Echoes of a stellar outburst

Like a flashbulb illuminating fog, light from the outburst of a star has revealed its dusty surroundings. The light bouncing off the dust, which astronomers call a light echo, hasn’t been observed in our galaxy since 1936. The new echo has been captured in exquisite detail by the Hubble Space Telescope, reports Howard Bond of the Space Telescope Science Institute in Baltimore and his colleagues in the March 27 Nature.

DUSTY SPOTLIGHT. Sequence of images shows light from a stellar flash spreading into space and reflecting off more and more distant layers of dust surrounding the star. NASA, ESA, and Bond (STScI)

The echo not only reveals the dusty netherworld, but also provides a record of the star’s unusual eruption, Bond notes. During the outburst, which astronomers observed in January 2002, the star inflated to a diameter at least 800 times larger than that of the sun and briefly became the most luminous star in the Milky Way.

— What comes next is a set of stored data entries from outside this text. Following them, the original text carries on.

lemma measure_std_normal_lessThan_Int_atMost:
  "measure std_normal ({..<\<theta>} \<inter> {..x}) = min (Phi \<theta>) (Phi x)"
proof (cases "x < \<theta>")
  case True
  then have "{..<\<theta>} \<inter> {..x} = {..x}" by auto
  moreover have "measure std_normal {..x} = Phi x" by (simp add: Phi_def)
  ultimately show ?thesis using True by (simp add: min_def)
next
  case False
  then have "{..<\<theta>} \<inter> {..x} = {..<\<theta>}" by auto
  then show ?thesis using False by (simp add: measure_std_normal_lessThan)
qed

lemma measure_unif01_Phi_inv_le:
  "measure unif01 {v. Phi_inv (Phi \<theta> * v) \<le> x} = min 1 (Phi x / Phi \<theta>)"
proof -
  define p where "p = Phi \<theta>"
  have p: "0 < p" "p < 1" unfolding p_def by (simp_all add: Phi_pos Phi_less_1)
  define A where "A = {0..1} \<inter> {v. Phi_inv (p * v) \<le> x}"
  have "A \<in> sets borel" unfolding A_def by measurable
  \<comment> \<open>\<open>Phi_inv 0\<close> is an unspecified junk value, so the point \<open>v = 0\<close> has to be discarded.\<close>
  then have "measure lborel A = measure lborel (A - {0})"
    by (simp add: measure_Diff_null_set countable_imp_null_set_lborel)
  also have "A - {0} = {0<..min 1 (Phi x / p)}"
  proof (intro set_eqI)
    fix v
    show "v \<in> A - {0} \<longleftrightarrow> v \<in> {0<..min 1 (Phi x / p)}"
    proof (cases "0 < v \<and> v \<le> 1")
      case True
      have "p * v \<le> p"
        using True p by (simp add: mult_left_le)
      then have "p * v < 1"
        using p by linarith
      moreover have "0 < p * v"
        using True p by simp
      ultimately show ?thesis
        using True p by (simp add: A_def Phi_inv_le_iff field_simps)
    qed (auto simp: A_def)
  qed
  finally have "measure lborel A = min 1 (Phi x / p)"
    using p by (simp add: Phi_pos less_imp_le)
  then show ?thesis by (simp add: A_def p_def)
qed

theorem distr_Phi_inv_unif01:
  "distr unif01 borel (\<lambda>v. Phi_inv (Phi \<theta> * v)) = uniform_measure std_normal {..<\<theta>}"
proof (rule cdf_unique)
  show "real_distribution (distr unif01 borel (\<lambda>v. Phi_inv (Phi \<theta> * v)))"
    by (auto simp: real_distribution_def real_distribution_axioms_def intro!: unif01.prob_space_distr)
  have "emeasure std_normal {..<\<theta>} = ennreal (Phi \<theta>)"
    by (simp add: std_normal.emeasure_eq_measure measure_std_normal_lessThan)
  then show "real_distribution (uniform_measure std_normal {..<\<theta>})"
    using Phi_pos[of \<theta>] by (auto simp: real_distribution_def real_distribution_axioms_def
        intro!: prob_space_uniform_measure)
  show "cdf (distr unif01 borel (\<lambda>v. Phi_inv (Phi \<theta> * v))) = cdf (uniform_measure std_normal {..<\<theta>})"
  proof
    fix x
    have "cdf (distr unif01 borel (\<lambda>v. Phi_inv (Phi \<theta> * v))) x = min 1 (Phi x / Phi \<theta>)"
      by (simp add: cdf_def measure_distr vimage_def measure_unif01_Phi_inv_le)
    also have "\<dots> = min (Phi \<theta>) (Phi x) / Phi \<theta>"
      using Phi_pos[of \<theta>] by (auto simp: min_def field_simps)
    also have "\<dots> = cdf (uniform_measure std_normal {..<\<theta>}) x"
      using \<open>emeasure std_normal {..<\<theta>} = ennreal (Phi \<theta>)\<close> Phi_pos[of \<theta>]
      by (simp add: cdf_def measure_std_normal_lessThan_Int_atMost measure_std_normal_lessThan)
    finally show "cdf (distr unif01 borel (\<lambda>v. Phi_inv (Phi \<theta> * v))) x =
        cdf (uniform_measure std_normal {..<\<theta>}) x" .
  qed
qed
lemma nn_integral_le_dyadic_tail_sum:
  fixes Y :: "'a \<Rightarrow> real" and h :: "real \<Rightarrow> ennreal"
  assumes Y [measurable]: "Y \<in> borel_measurable M"
    and Y_nonneg: "\<And>\<omega>. \<omega> \<in> space M \<Longrightarrow> Y \<omega> \<ge> 0"
    and x0: "x0 > 0" and h: "mono_on {0..} h"
  shows "(\<integral>\<^sup>+\<omega>. h (Y \<omega>) \<partial>M)
           \<le> h x0 + (\<Sum>j. h (x0 * 2 ^ Suc j) * emeasure M {\<omega>\<in>space M. Y \<omega> \<ge> x0 * 2 ^ j})"
proof -
  define A where "A j = {\<omega>\<in>space M. Y \<omega> \<ge> x0 * 2 ^ j}" for j :: nat
  have A [measurable]: "A j \<in> sets M" for j
    unfolding A_def by measurable
  have "h (Y \<omega>) \<le> h x0 + (\<Sum>j. h (x0 * 2 ^ Suc j) * indicator (A j) \<omega>)" if \<omega>: "\<omega> \<in> space M" for \<omega>
  proof (cases "Y \<omega> \<le> x0")
    case True
    then have "h (Y \<omega>) \<le> h x0" using h Y_nonneg[OF \<omega>] x0 by (auto intro: mono_onD)
    then show ?thesis by (simp add: add_increasing2)
  next
    case False
    obtain j where j: "\<not> Y \<omega> \<le> x0 * 2 ^ j" "Y \<omega> \<le> x0 * 2 ^ Suc j"
    proof -
      obtain i where "Y \<omega> / x0 < 2 ^ i" using real_arch_pow[of 2] by auto
      then have "Y \<omega> \<le> x0 * 2 ^ i" using x0 by (simp add: divide_less_eq mult.commute)
      then show ?thesis
        using exists_least_lemma[of "\<lambda>j. Y \<omega> \<le> x0 * 2 ^ j"] False that by auto
    qed
    have "h (Y \<omega>) \<le> h (x0 * 2 ^ Suc j)"
      using h Y_nonneg[OF \<omega>] j(2) x0 by (auto intro: mono_onD)
    also have "\<dots> = (\<Sum>i\<in>{j}. h (x0 * 2 ^ Suc i) * indicator (A i) \<omega>)"
      using \<omega> j(1) by (simp add: A_def)
    also have "\<dots> \<le> (\<Sum>i. h (x0 * 2 ^ Suc i) * indicator (A i) \<omega>)"
      by (intro sum_le_suminf summableI) auto
    finally show ?thesis by (simp add: add_increasing)
  qed
  then have "(\<integral>\<^sup>+\<omega>. h (Y \<omega>) \<partial>M)
               \<le> (\<integral>\<^sup>+\<omega>. h x0 + (\<Sum>j. h (x0 * 2 ^ Suc j) * indicator (A j) \<omega>) \<partial>M)"
    by (intro nn_integral_mono)
  also have "\<dots> = h x0 + (\<Sum>j. h (x0 * 2 ^ Suc j) * emeasure M (A j))"
    by (simp add: nn_integral_add nn_integral_suminf nn_integral_cmult_indicator emeasure_space_1)
  finally show ?thesis by (simp add: A_def)
qed
(* If $f\colon[a,b]\to\mathbb{R}$ is Laplace integrable on $[a,b]$ and $f\geqslant0$ almost everywhere on $[a,b]$, then $f$ is Lebesgue integrable on $[a,b]$.
   Context: Laplace integral on $[a,b]$: with lower/upper Laplace derivates $\underline{LD}_1F(x)$, $\overline{LD}_1F(x)$ being the minimum of the $\liminf$'s, resp. maximum of the $\limsup$'s, as $s\to\infty$ of $s^2\int_0^\delta e^{-st}[F(x+t)-F(x)]dt$ and $(-s^2)\int_0^\delta e^{-st}[F(x-t)-F(x)]dt$ (one-sided at endpoints), a major function of $f$ is a continuous $U$ with $\underline{LD}_1U\geqslant f$, $\underline{LD}_1U>-\infty$ everywhere on $[a,b]$, a minor function a continuous $V$ with $\overline{LD}_1V\leqslant f$, $\overline{LD}_1V<\infty$ everywhere, and $f$ is Laplace integrable if $\sup_V(V(b)-V(a))=\inf_U(U(b)-U(a))$ is finite. *)

theory Defs
  imports "HOL-Analysis.Analysis"
begin

definition lap_right :: "(real \<Rightarrow> real) \<Rightarrow> real \<Rightarrow> real \<Rightarrow> real \<Rightarrow> real" where
  "lap_right F x d s = s^2 * integral {0..d} (\<lambda>t. exp (- s * t) * (F (x + t) - F x))"

definition lap_left :: "(real \<Rightarrow> real) \<Rightarrow> real \<Rightarrow> real \<Rightarrow> real \<Rightarrow> real" where
  "lap_left F x d s = - (s^2 * integral {0..d} (\<lambda>t. exp (- s * t) * (F (x - t) - F x)))"
lemma Linf_add:
  assumes "Linf S f" "Linf S g"
  shows "Linf S (\<lambda>x. f x + g x)"
proof -
  obtain C D where C: "AE x in lborel. x \<in> S \<longrightarrow> \<bar>f x\<bar> \<le> C"
    and D: "AE x in lborel. x \<in> S \<longrightarrow> \<bar>g x\<bar> \<le> D"
    using assms unfolding Linf_def by blast
  from C D have "AE x in lborel. x \<in> S \<longrightarrow> \<bar>f x + g x\<bar> \<le> C + D"
    by eventually_elim auto
  then show ?thesis
    using assms unfolding Linf_def by auto
qed

lemma Linf_diff:
  assumes "Linf S f" "Linf S g"
  shows "Linf S (\<lambda>x. f x - g x)"
  using Linf_add[OF assms(1) Linf_mult[OF Linf_const[of S "-1"] assms(2)]] by simp

lemma Linf_UNIV_snd:
  fixes f :: "'b::euclidean_space \<Rightarrow> real"
  assumes "Linf UNIV f"
  shows "Linf UNIV (\<lambda>z::'a::euclidean_space \<times> 'b. f (snd z))"
proof -
  obtain C where f: "f \<in> borel_measurable lborel" and C: "AE y in lborel. \<bar>f y\<bar> \<le> C"
    using assms unfolding Linf_def by auto
  have "(\<lambda>z. f (snd z)) \<in> borel_measurable (lborel \<Otimes>\<^sub>M lborel)"
    using f by measurable
  moreover have "AE z in lborel \<Otimes>\<^sub>M lborel. \<bar>f (snd z)\<bar> \<le> C"
  proof (rule lborel_pair.AE_pair_measure)
    show "{z \<in> space (lborel \<Otimes>\<^sub>M lborel). \<bar>f (snd z)\<bar> \<le> C} \<in> sets (lborel \<Otimes>\<^sub>M lborel)"
      using f by measurable
    show "AE x in lborel. AE y in lborel. \<bar>f (snd (x, y))\<bar> \<le> C"
      using C by simp
  qed
  ultimately show ?thesis
    unfolding Linf_def lborel_prod by auto
qed

lemma Linf_set_integrable:
  fixes f :: "'a::euclidean_space \<Rightarrow> real"
  assumes f: "Linf S f" and A: "A \<in> sets lborel" "bounded A" "A \<subseteq> S"
  shows "set_integrable lborel A f"
proof -
  obtain C where meas: "f \<in> borel_measurable lborel" and C: "AE x in lborel. x \<in> S \<longrightarrow> \<bar>f x\<bar> \<le> C"
    using f unfolding Linf_def by blast
  have "integrable lborel (\<lambda>x. indicator A x * f x)"
  proof (rule integrable_if_bounded_by_indicator[OF _ A(1,2)])
    show "(\<lambda>x. indicator A x * f x) \<in> borel_measurable lborel"
      using A(1) meas by measurable
    show "AE x in lborel. \<bar>indicator A x * f x\<bar> \<le> C * indicator A x"
      using C by eventually_elim (use A(3) in \<open>auto simp: indicator_def\<close>)
  qed
  then show ?thesis
    by (simp add: set_integrable_def)
qed

lemma AE_nonneg_if_set_integrals_nonneg:
  fixes f :: "'a::euclidean_space \<Rightarrow> real"
  assumes f: "Linf S f" and S: "S \<in> sets lborel"
    and nonneg: "\<And>A. A \<in> sets lborel \<Longrightarrow> bounded A \<Longrightarrow> A \<subseteq> S \<Longrightarrow> 0 \<le> (LINT x:A|lborel. f x)"
  shows "AE x in lborel. x \<in> S \<longrightarrow> 0 \<le> f x"
proof (rule AE_on_if_AE_on_cballs)
  fix n :: nat
  define A where "A = S \<inter> cball 0 n \<inter> {x. f x < 0}"
  have A: "A \<in> sets lborel" "bounded A" "A \<subseteq> S"
    using f S unfolding A_def Linf_def by auto
  have int: "integrable lborel (\<lambda>x. indicator A x * - f x)"
    using Linf_set_integrable[OF f A] by (simp add: set_integrable_def)
  have "0 \<le> (LINT x:A|lborel. f x)"
    using nonneg A by blast
  then have "(\<integral>x. indicator A x * - f x \<partial>lborel) \<le> 0"
    by (simp add: set_lebesgue_integral_def)
  moreover have nn: "AE x in lborel. 0 \<le> indicator A x * - f x"
    by (auto simp: A_def indicator_def)
  ultimately have "AE x in lborel. indicator A x * - f x = 0"
    using integral_nonneg_eq_0_iff_AE[OF int nn] integral_nonneg_AE[OF nn] by simp
  then show "AE x in lborel. x \<in> S \<inter> cball 0 n \<longrightarrow> 0 \<le> f x"
    by eventually_elim (auto simp: A_def indicator_def)
qed

lemma AE_le_if_set_integrals_le:
  fixes f g :: "'a::euclidean_space \<Rightarrow> real"
  assumes f: "Linf S f" and g: "Linf S g" and S: "S \<in> sets lborel"
    and le: "\<And>A. A \<in> sets lborel \<Longrightarrow> bounded A \<Longrightarrow> A \<subseteq> S \<Longrightarrow>
      (LINT x:A|lborel. f x) \<le> (LINT x:A|lborel. g x)"
  shows "AE x in lborel. x \<in> S \<longrightarrow> f x \<le> g x"
proof -
  have "AE x in lborel. x \<in> S \<longrightarrow> 0 \<le> g x - f x"
  proof (rule AE_nonneg_if_set_integrals_nonneg[OF Linf_diff[OF g f] S])
    fix A assume A: "A \<in> sets lborel" "bounded A" "A \<subseteq> S"
    have "(LINT x:A|lborel. g x - f x) = (LINT x:A|lborel. g x) - (LINT x:A|lborel. f x)"
      using A f g by (intro set_integral_diff Linf_set_integrable) auto
    then show "0 \<le> (LINT x:A|lborel. g x - f x)"
      using le[OF A] by simp
  qed
  then show ?thesis
    by eventually_elim simp
qed

definition Linf_bounded_support :: "'a::euclidean_space set \<Rightarrow> ('a \<Rightarrow> real) \<Rightarrow> bool" where
  "Linf_bounded_support S G \<longleftrightarrow>
     Linf UNIV G \<and> (\<exists>B\<in>sets lborel. bounded B \<and> B \<subseteq> S \<and> (\<forall>x. x \<notin> B \<longrightarrow> G x = 0))"

lemma Linf_bounded_support_mono:
  "Linf_bounded_support S G \<Longrightarrow> S \<subseteq> S' \<Longrightarrow> Linf_bounded_support S' G"
  unfolding Linf_bounded_support_def by blast

lemma Linf_bounded_support_mult:
  assumes "Linf UNIV a" "Linf_bounded_support S G"
  shows "Linf_bounded_support S (\<lambda>x. a x * G x)"
  unfolding Linf_bounded_support_def
proof
  show "Linf UNIV (\<lambda>x. a x * G x)"
    using assms by (intro Linf_mult) (auto simp: Linf_bounded_support_def)
  obtain B where "B \<in> sets lborel" "bounded B" "B \<subseteq> S" "\<forall>x. x \<notin> B \<longrightarrow> G x = 0"
    using assms(2) unfolding Linf_bounded_support_def by blast
  then show "\<exists>B\<in>sets lborel. bounded B \<and> B \<subseteq> S \<and> (\<forall>x. x \<notin> B \<longrightarrow> a x * G x = 0)"
    by auto
qed

lemma Linf_bounded_support_sum:
  assumes "finite I" "\<And>i. i \<in> I \<Longrightarrow> Linf_bounded_support S (G i)"
  shows "Linf_bounded_support S (\<lambda>x. \<Sum>i\<in>I. G i x)"
  using assms
proof (induction I rule: finite_induct)
  case empty
  show ?case
    unfolding Linf_bounded_support_def Linf_def by (auto intro: bexI[of _ "{}"])
next
  case (insert i I)
  have Gi: "Linf_bounded_support S (G i)" and GI: "Linf_bounded_support S (\<lambda>x. \<Sum>i\<in>I. G i x)"
    using insert by auto
  obtain B B' where "B \<in> sets lborel" "bounded B" "B \<subseteq> S" "\<forall>x. x \<notin> B \<longrightarrow> G i x = 0"
    and "B' \<in> sets lborel" "bounded B'" "B' \<subseteq> S" "\<forall>x. x \<notin> B' \<longrightarrow> (\<Sum>i\<in>I. G i x) = 0"
    using Gi GI unfolding Linf_bounded_support_def by blast
  then have "\<exists>B''\<in>sets lborel. bounded B'' \<and> B'' \<subseteq> S \<and> (\<forall>x. x \<notin> B'' \<longrightarrow> G i x + (\<Sum>i\<in>I. G i x) = 0)"
    by (intro bexI[of _ "B \<union> B'"]) auto
  moreover have "Linf UNIV (\<lambda>x. G i x + (\<Sum>i\<in>I. G i x))"
    using Gi GI by (intro Linf_add) (simp_all add: Linf_bounded_support_def)
  ultimately show ?case
    using insert by (simp add: Linf_bounded_support_def)
qed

Although the body, known as V838 Monocerotis, has since faded, the light from the outburst continues to reflect off surrounding dust. As light bouncing off dust farther and farther from the star reaches Earth, the circular reflections provide an expanding cross-section of the star’s envelope of dust. The light-echo has now expanded to twice the size of Jupiter, as seen from Earth, and may be visible until about 2010. The Hubble images reveal that the star is 20,000 light-years from Earth.